Description of the task: What you need to produce from the material below is an exact transcription of the lines from the one with "hypothesis give \<open>3" through the one with "DR_szabo_form_sym[of d x", both included, and no other line.

+++ Exercise inputs +++

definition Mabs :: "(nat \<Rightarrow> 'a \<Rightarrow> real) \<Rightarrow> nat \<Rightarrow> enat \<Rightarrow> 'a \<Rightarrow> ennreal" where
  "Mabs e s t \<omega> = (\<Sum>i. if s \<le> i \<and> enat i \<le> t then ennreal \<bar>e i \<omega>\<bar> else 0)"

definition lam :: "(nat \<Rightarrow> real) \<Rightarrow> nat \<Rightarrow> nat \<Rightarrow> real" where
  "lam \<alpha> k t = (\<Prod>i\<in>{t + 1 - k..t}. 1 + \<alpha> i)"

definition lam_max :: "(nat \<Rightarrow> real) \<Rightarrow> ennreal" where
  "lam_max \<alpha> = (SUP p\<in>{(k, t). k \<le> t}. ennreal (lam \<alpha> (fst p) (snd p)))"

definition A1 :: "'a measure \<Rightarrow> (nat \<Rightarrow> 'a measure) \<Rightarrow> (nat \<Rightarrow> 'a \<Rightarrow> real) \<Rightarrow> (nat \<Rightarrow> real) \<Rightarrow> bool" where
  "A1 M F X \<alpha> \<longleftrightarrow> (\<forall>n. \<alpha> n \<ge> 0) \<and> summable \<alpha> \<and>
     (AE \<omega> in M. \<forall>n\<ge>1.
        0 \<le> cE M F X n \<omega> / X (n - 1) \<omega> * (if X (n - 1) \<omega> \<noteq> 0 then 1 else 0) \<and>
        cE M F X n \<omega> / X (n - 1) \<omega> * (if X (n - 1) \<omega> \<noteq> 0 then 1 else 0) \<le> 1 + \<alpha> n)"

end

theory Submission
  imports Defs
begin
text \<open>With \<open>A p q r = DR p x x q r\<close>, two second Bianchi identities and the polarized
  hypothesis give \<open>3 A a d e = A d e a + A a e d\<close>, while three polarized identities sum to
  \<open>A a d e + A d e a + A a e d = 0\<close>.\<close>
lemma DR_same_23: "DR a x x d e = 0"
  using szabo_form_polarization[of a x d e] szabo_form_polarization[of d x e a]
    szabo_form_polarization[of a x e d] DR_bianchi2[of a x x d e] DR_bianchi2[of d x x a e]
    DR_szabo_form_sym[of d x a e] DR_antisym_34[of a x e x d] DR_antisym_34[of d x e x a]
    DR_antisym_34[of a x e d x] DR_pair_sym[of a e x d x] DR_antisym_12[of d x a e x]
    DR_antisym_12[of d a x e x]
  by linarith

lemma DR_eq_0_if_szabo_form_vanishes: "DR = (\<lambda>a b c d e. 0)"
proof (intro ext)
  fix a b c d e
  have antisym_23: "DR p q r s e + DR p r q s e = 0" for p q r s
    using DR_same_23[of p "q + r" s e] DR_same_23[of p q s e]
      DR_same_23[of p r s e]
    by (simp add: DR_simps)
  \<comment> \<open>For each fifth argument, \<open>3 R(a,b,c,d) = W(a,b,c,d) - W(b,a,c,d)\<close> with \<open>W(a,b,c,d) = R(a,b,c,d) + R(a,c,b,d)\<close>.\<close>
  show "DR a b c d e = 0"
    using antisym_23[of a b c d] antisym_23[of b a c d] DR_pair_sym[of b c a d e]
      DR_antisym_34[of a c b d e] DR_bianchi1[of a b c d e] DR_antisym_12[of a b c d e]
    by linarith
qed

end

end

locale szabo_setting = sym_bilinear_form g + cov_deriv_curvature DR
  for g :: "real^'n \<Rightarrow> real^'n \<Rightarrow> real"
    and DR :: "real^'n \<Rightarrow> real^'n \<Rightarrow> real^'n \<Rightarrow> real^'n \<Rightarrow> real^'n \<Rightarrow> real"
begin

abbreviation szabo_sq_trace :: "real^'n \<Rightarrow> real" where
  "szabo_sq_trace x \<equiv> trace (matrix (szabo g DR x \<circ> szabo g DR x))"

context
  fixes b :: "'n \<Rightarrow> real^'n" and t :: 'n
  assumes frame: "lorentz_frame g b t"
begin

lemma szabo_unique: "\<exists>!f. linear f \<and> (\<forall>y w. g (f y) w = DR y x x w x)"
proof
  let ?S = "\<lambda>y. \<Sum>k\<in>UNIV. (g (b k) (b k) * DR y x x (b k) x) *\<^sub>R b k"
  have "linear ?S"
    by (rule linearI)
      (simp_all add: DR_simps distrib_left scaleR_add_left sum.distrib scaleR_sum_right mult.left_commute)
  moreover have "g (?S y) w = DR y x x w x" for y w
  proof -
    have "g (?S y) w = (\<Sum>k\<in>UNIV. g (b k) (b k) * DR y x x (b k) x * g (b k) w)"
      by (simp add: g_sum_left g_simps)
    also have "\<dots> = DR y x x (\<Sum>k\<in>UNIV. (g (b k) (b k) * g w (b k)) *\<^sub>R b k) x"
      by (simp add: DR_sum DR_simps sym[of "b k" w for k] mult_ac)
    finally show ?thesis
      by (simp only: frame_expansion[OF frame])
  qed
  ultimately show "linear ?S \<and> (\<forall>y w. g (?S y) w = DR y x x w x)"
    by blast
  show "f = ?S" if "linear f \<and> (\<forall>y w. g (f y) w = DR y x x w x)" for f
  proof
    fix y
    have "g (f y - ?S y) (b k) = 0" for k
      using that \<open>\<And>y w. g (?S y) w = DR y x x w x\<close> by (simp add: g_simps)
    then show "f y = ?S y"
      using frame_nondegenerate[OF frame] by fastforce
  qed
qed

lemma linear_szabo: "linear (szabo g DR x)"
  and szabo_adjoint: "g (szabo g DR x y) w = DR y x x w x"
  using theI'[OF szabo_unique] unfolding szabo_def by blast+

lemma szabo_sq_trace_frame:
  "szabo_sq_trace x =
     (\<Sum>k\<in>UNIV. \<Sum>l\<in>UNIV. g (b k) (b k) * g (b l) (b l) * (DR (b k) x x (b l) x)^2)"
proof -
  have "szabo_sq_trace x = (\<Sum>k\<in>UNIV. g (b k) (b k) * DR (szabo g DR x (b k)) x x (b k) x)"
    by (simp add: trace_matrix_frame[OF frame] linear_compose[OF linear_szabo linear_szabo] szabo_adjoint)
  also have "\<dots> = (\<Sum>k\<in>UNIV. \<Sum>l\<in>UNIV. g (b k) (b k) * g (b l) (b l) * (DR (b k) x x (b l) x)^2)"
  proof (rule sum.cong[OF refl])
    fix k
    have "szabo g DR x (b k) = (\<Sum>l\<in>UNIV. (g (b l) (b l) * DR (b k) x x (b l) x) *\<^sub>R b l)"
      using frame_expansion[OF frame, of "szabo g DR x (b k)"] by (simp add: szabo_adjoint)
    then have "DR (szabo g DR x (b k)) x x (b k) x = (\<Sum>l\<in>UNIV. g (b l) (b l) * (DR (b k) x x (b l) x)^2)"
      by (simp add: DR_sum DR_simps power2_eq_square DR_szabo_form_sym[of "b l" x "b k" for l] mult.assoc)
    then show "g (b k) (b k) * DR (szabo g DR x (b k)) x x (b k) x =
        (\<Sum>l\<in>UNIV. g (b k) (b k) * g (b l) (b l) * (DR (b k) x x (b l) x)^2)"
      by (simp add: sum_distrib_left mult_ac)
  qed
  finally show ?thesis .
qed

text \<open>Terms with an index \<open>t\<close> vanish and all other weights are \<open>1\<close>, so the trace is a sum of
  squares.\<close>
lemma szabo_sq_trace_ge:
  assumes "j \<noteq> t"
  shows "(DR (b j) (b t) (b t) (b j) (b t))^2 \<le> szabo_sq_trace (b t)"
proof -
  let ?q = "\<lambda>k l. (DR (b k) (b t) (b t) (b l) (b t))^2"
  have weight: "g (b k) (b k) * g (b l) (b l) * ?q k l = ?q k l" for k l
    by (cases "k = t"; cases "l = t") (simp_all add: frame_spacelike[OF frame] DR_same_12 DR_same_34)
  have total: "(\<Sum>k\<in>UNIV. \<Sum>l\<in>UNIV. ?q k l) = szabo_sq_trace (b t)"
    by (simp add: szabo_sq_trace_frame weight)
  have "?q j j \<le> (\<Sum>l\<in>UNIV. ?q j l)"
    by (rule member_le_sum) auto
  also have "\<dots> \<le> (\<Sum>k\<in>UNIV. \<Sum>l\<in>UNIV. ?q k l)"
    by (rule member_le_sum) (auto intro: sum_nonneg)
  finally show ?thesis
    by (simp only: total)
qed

+++

Your response:
  hypothesis give \<open>3 A a d e = A d e a + A a e d\<close>, while three polarized identities sum to
  \<open>A a d e + A d e a + A a e d = 0\<close>.\<close>
lemma DR_same_23: "DR a x x d e = 0"
  using szabo_form_polarization[of a x d e] szabo_form_polarization[of d x e a]
    szabo_form_polarization[of a x e d] DR_bianchi2[of a x x d e] DR_bianchi2[of d x x a e]
    DR_szabo_form_sym[of d x a e] DR_antisym_34[of a x e x d] DR_antisym_34[of d x e x a]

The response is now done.